> _EXERCISE DESCRIPTION_: All lines with the word "against" are to be found and copied from the listing.

> _SOURCE MATERIAL_:

**********

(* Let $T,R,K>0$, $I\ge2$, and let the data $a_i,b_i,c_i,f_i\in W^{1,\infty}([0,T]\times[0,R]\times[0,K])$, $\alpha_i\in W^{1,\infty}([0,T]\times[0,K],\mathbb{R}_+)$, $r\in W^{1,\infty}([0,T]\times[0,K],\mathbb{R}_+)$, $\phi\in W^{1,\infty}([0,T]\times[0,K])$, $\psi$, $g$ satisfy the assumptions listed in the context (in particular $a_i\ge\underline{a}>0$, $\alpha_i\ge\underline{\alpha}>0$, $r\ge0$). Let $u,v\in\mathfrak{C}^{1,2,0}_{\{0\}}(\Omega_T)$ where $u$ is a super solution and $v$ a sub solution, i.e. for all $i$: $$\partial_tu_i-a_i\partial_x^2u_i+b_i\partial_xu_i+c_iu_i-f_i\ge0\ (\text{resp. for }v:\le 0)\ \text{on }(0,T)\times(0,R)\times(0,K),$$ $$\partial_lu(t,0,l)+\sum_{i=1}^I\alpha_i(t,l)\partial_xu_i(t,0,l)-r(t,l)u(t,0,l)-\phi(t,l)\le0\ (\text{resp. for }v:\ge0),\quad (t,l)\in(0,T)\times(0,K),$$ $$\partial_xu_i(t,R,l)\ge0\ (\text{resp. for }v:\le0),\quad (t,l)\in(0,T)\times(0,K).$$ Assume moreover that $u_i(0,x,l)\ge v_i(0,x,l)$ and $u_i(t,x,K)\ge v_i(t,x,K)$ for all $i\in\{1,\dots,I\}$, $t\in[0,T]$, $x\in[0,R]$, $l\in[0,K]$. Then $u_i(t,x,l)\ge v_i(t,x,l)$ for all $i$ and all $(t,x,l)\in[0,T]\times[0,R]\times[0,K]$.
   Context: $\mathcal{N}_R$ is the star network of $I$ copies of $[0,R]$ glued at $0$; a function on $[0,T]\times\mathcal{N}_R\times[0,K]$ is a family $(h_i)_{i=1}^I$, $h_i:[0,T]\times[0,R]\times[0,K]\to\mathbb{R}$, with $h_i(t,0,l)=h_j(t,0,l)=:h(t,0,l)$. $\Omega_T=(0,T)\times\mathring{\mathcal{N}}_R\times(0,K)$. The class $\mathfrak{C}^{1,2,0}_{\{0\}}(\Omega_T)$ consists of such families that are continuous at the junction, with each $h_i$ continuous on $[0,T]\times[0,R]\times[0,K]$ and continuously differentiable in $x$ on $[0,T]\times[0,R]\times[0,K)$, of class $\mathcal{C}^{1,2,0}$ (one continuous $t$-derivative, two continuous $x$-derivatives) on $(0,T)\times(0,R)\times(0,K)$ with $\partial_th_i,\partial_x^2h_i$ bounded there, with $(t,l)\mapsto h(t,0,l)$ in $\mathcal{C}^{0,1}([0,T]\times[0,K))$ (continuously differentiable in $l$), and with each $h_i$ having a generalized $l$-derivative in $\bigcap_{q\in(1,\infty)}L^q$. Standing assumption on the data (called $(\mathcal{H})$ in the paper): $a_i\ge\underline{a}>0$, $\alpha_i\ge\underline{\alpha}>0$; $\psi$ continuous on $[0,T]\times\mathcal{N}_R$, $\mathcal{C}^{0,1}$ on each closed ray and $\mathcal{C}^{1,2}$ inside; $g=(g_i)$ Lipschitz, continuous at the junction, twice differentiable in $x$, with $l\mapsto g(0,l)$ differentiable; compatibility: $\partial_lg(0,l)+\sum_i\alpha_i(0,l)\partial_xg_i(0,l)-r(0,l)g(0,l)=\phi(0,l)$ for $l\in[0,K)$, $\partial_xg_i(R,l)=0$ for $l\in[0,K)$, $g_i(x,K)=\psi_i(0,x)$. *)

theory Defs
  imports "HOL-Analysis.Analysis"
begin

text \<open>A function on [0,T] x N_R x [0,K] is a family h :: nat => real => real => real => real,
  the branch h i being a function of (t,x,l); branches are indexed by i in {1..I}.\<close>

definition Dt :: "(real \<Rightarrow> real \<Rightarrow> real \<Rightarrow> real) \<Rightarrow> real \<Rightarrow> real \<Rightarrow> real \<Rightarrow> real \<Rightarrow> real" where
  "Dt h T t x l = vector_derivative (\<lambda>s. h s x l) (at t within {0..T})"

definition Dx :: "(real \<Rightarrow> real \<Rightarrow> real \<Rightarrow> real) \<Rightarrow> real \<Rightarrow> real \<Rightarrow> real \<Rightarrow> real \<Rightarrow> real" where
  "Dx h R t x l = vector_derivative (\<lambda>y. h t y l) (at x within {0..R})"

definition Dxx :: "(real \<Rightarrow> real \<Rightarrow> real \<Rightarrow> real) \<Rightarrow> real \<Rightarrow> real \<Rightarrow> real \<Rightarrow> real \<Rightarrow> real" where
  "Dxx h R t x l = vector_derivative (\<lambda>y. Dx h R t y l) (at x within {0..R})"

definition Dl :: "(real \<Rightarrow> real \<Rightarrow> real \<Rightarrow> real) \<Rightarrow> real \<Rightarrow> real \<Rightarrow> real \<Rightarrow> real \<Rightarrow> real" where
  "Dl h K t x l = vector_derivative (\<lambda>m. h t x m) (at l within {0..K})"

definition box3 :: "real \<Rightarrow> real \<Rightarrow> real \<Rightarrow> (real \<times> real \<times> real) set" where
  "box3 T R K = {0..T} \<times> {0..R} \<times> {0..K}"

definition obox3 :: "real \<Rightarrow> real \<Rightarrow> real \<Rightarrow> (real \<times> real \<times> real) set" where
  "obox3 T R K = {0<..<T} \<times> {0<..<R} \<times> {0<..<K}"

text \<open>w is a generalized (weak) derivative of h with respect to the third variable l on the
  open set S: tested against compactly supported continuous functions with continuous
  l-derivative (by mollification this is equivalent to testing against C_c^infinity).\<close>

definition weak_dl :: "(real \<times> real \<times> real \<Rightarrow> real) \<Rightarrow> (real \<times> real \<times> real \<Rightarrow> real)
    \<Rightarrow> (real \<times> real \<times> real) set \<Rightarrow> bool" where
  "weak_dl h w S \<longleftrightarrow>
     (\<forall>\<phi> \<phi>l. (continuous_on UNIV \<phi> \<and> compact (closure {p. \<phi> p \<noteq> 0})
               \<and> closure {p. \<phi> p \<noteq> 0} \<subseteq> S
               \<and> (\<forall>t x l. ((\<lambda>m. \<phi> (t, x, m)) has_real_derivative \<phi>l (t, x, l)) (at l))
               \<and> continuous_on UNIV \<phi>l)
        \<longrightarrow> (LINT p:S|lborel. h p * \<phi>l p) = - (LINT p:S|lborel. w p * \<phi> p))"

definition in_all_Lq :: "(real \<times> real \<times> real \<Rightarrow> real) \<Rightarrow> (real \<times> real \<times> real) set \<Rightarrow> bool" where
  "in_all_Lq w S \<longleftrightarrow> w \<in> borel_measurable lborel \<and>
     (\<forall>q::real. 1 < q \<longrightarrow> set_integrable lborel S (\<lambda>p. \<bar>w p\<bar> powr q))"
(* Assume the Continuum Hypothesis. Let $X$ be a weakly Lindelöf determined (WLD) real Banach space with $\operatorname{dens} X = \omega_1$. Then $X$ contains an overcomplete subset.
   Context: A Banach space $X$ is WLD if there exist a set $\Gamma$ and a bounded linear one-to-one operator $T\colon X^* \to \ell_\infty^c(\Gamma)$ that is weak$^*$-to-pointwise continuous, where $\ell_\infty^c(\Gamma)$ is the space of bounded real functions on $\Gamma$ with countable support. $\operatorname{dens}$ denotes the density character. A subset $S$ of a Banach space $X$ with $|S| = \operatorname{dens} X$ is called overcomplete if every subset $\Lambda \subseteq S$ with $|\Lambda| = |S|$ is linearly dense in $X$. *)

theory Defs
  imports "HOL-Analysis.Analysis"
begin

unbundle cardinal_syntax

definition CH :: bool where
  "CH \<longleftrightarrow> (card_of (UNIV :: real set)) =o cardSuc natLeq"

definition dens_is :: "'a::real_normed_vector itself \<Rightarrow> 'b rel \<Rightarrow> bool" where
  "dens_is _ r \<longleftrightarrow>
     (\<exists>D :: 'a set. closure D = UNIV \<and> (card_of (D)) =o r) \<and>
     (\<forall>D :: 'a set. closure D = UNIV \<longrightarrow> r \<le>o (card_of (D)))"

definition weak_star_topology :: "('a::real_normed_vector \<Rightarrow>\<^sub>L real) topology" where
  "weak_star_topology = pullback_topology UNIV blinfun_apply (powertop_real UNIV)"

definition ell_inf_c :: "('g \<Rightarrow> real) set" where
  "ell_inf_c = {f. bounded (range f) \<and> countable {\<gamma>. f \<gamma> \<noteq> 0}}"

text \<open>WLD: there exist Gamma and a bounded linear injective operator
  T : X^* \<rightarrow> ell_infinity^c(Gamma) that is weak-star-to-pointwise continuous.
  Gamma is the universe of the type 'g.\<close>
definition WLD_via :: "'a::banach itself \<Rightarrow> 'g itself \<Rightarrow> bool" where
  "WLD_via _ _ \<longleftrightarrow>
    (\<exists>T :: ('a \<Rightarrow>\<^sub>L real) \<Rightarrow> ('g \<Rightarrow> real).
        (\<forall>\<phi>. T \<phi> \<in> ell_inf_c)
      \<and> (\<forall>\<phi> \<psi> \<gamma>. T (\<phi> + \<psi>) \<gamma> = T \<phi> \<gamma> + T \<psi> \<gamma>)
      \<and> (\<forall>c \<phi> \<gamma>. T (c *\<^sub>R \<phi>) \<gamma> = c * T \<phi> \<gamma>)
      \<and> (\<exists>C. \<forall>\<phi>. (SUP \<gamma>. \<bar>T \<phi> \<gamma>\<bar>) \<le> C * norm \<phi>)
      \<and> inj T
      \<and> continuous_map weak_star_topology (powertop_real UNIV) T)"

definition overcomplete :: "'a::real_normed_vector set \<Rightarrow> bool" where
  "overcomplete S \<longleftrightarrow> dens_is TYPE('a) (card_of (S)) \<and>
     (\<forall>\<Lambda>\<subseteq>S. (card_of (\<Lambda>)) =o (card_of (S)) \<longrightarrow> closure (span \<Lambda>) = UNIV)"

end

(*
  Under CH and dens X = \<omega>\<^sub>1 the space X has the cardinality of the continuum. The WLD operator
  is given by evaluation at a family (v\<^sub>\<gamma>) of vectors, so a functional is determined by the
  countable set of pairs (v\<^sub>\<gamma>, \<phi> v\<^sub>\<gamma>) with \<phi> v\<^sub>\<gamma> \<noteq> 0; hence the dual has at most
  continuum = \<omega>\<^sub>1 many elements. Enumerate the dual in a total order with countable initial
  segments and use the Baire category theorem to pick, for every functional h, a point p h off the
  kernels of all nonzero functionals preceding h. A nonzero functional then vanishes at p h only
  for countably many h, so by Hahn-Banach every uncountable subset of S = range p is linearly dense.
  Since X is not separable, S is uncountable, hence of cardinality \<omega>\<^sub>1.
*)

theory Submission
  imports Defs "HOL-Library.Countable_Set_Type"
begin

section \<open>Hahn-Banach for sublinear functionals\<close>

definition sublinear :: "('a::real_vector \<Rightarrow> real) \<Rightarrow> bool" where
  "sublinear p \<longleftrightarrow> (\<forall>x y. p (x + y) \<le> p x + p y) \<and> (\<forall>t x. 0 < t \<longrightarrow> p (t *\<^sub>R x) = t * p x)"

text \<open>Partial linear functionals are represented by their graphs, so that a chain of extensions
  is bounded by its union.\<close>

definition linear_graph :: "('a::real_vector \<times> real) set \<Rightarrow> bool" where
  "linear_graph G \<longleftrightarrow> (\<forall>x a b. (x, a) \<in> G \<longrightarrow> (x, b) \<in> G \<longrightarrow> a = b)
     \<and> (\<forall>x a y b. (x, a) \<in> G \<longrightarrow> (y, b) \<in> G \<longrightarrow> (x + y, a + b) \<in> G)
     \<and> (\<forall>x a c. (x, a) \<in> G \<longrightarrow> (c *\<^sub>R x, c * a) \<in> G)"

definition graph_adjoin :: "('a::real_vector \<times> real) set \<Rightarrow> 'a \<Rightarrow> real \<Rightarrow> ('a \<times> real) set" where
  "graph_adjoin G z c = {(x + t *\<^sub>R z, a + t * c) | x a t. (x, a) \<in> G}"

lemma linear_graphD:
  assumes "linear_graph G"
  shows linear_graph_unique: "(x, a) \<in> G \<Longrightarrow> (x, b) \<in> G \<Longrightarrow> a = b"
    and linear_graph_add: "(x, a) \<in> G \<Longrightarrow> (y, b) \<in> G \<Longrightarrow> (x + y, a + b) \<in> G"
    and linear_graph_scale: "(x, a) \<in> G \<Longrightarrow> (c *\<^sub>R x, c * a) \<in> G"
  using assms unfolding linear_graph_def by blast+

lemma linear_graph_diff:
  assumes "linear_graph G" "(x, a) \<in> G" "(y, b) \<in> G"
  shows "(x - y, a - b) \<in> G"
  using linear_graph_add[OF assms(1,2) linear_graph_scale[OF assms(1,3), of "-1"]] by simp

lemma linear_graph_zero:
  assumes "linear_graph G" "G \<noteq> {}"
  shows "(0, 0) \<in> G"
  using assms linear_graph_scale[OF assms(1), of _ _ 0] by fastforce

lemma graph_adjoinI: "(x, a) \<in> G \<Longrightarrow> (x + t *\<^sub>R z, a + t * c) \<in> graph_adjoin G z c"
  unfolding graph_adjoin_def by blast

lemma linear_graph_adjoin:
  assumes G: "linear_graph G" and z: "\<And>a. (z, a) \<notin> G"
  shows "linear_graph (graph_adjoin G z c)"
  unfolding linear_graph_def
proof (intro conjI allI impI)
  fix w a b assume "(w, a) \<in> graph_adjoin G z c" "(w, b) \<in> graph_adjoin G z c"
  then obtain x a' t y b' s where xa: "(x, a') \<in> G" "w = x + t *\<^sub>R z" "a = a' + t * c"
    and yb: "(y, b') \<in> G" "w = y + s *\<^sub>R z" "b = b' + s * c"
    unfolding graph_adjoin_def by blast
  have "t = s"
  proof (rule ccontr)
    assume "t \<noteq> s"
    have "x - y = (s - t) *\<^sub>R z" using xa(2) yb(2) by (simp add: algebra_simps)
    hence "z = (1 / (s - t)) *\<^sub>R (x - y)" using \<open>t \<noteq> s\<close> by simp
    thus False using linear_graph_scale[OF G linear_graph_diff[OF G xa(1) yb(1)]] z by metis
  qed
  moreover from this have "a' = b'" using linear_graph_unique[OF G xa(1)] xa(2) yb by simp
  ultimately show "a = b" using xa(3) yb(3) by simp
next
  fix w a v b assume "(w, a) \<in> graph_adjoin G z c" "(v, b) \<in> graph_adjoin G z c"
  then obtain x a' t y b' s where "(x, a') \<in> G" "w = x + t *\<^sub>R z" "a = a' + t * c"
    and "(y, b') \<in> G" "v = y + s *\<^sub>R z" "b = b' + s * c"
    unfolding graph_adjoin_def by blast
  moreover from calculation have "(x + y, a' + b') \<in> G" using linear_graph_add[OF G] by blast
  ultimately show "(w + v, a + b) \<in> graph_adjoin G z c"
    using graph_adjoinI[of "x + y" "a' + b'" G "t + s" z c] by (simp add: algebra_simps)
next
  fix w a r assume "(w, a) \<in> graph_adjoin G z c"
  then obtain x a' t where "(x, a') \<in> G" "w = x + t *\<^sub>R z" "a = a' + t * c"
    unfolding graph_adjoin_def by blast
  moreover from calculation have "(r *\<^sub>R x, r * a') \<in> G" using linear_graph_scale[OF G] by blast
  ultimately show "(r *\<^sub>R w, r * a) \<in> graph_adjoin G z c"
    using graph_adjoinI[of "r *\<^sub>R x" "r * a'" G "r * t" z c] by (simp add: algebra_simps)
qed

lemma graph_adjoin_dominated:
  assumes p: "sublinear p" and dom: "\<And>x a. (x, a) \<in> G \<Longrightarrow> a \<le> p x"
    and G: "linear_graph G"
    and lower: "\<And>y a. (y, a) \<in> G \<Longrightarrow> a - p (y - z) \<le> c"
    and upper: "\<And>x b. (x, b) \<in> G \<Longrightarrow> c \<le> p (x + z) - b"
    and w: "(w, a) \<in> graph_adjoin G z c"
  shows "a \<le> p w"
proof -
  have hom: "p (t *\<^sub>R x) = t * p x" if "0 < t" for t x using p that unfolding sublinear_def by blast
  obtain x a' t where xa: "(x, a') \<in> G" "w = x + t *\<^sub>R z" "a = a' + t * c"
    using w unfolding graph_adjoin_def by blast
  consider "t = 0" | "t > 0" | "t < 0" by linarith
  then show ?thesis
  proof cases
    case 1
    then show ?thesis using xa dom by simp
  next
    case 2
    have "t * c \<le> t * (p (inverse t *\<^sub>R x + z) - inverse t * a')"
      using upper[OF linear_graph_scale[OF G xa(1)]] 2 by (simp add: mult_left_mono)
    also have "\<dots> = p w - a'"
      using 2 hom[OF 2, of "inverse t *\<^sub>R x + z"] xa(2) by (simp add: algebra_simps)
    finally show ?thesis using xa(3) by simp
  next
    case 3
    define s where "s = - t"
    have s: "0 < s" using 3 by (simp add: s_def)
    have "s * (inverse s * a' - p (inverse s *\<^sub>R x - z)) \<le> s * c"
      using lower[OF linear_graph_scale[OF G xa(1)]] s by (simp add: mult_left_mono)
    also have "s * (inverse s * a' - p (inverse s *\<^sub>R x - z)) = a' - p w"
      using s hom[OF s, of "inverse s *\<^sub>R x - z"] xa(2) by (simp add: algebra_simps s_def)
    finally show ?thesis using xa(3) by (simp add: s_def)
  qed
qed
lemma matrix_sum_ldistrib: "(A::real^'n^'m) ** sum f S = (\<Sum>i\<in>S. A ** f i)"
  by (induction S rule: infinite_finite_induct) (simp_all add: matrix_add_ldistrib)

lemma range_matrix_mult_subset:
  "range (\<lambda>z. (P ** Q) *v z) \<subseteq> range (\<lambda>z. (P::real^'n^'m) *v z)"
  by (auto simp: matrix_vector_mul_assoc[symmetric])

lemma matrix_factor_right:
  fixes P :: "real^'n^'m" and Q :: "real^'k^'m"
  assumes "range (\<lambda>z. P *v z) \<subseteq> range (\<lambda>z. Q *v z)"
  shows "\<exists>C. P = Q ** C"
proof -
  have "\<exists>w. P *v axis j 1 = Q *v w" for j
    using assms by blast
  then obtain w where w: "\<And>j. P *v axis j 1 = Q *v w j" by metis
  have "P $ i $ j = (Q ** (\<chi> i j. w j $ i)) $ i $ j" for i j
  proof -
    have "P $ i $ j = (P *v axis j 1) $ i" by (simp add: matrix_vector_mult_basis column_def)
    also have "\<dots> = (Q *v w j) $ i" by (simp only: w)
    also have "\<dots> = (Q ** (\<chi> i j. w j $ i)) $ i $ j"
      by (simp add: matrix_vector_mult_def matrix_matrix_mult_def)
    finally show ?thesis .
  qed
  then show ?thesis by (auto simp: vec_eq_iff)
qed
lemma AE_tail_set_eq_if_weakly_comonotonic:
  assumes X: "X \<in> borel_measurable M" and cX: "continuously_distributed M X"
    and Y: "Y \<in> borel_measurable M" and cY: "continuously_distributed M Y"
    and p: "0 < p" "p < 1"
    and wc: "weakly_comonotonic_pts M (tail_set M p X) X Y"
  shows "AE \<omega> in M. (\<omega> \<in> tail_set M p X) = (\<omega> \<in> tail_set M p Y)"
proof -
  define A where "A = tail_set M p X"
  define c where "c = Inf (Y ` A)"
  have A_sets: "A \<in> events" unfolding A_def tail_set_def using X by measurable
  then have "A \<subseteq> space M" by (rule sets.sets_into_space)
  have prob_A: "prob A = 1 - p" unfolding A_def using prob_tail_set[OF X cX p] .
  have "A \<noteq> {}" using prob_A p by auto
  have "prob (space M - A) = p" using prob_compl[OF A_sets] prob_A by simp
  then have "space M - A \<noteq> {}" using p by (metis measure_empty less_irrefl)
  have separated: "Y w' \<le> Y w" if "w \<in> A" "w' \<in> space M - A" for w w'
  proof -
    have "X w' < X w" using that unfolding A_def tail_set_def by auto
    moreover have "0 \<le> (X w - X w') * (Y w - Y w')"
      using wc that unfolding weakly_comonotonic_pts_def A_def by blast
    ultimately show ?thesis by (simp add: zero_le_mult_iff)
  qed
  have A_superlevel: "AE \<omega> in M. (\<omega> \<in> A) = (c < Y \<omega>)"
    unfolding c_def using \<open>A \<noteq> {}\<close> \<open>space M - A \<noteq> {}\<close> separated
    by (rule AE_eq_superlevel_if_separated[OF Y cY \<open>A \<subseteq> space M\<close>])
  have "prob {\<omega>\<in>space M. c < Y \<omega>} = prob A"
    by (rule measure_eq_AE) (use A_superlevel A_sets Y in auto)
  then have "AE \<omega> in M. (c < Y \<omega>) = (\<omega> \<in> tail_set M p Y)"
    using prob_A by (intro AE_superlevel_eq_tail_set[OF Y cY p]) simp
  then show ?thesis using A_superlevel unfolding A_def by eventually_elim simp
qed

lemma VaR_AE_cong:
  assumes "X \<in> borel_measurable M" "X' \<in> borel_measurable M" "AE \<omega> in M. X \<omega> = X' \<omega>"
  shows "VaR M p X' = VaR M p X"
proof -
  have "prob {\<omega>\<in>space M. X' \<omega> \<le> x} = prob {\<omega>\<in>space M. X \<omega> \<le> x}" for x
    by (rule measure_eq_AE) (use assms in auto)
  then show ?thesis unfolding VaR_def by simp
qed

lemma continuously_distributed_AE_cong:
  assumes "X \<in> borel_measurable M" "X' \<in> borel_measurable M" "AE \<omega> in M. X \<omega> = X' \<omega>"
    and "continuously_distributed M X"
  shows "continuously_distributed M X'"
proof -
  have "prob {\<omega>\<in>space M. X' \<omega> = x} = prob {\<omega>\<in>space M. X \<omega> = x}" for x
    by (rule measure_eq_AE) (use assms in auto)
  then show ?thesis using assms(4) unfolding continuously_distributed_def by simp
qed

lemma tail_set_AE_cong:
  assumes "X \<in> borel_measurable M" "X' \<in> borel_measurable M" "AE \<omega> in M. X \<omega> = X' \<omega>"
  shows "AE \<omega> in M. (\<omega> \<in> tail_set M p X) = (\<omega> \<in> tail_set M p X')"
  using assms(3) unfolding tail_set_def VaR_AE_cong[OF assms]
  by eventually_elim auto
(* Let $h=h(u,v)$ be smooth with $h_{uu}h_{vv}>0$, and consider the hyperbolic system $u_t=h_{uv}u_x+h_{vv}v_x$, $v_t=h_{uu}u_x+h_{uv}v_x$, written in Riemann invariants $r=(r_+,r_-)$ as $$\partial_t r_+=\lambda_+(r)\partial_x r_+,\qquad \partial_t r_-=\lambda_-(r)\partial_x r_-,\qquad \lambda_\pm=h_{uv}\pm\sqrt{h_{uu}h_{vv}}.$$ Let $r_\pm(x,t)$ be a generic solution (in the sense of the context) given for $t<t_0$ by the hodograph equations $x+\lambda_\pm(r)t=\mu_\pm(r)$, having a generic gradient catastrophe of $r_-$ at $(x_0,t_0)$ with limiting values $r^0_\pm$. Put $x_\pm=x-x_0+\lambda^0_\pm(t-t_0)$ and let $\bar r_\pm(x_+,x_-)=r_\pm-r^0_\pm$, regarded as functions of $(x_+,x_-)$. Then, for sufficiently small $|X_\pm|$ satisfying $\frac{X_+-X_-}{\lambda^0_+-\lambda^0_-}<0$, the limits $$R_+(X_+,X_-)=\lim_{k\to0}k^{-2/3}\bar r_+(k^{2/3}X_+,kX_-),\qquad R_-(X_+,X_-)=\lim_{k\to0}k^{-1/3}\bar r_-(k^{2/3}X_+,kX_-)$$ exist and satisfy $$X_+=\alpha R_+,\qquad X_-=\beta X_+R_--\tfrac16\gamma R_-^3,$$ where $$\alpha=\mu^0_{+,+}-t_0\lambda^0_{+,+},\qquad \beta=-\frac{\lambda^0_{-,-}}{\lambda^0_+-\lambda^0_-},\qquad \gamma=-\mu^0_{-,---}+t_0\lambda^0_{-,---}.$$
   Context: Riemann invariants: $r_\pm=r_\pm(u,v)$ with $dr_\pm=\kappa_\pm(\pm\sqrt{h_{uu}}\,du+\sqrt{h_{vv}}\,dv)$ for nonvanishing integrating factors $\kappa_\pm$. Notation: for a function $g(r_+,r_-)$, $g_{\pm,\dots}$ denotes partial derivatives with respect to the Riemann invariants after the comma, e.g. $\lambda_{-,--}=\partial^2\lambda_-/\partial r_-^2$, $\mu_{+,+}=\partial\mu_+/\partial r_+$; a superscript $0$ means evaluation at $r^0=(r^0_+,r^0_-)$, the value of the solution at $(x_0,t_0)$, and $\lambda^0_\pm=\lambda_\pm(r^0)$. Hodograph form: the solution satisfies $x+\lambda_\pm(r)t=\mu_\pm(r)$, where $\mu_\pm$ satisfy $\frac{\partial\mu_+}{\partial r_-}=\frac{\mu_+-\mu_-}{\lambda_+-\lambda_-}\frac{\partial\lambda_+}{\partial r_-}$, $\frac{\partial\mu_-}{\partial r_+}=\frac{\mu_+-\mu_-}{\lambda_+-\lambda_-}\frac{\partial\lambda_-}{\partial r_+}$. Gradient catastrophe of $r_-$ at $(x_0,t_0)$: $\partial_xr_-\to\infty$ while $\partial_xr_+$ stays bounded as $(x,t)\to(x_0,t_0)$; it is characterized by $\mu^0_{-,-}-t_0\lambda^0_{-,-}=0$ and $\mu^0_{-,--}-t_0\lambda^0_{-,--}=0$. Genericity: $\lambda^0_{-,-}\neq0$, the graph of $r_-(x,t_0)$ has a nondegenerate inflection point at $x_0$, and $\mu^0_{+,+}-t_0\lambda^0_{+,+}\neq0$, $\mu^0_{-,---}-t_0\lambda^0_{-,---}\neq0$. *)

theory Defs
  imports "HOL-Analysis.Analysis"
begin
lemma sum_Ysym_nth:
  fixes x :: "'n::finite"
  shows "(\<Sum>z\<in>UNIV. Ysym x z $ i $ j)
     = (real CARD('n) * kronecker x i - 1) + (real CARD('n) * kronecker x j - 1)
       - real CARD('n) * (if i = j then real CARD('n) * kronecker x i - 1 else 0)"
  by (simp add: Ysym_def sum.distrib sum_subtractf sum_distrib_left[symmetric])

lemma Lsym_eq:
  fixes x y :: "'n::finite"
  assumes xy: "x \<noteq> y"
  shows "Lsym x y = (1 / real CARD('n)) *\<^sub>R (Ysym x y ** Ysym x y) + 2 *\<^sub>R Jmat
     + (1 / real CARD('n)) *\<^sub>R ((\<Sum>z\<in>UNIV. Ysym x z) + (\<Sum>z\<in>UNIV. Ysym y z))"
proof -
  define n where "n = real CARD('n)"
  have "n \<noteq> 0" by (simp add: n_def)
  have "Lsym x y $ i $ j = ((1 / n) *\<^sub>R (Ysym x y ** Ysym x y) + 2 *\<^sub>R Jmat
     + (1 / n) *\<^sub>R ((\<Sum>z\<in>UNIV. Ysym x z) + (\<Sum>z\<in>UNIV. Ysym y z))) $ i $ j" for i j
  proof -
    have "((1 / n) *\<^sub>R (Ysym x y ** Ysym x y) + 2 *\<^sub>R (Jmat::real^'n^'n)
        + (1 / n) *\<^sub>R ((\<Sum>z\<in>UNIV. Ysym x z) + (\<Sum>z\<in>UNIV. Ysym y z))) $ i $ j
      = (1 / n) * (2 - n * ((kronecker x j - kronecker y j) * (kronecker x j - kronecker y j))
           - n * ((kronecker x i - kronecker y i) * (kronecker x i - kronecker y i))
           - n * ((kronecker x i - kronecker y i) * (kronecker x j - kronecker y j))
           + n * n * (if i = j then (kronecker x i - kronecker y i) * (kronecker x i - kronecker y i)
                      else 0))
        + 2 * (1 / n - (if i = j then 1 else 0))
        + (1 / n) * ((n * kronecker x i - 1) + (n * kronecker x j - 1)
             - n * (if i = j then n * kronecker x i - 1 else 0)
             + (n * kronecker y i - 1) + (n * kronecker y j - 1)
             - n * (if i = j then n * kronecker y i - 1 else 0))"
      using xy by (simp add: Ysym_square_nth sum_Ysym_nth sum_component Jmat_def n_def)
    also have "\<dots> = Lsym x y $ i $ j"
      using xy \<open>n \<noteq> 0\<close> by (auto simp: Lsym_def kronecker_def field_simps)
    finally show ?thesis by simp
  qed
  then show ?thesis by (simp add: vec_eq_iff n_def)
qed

**********

> _TASK SOLUTION_:
  open set S: tested against compactly supported continuous functions with continuous
  l-derivative (by mollification this is equivalent to testing against C_c^infinity).\<close>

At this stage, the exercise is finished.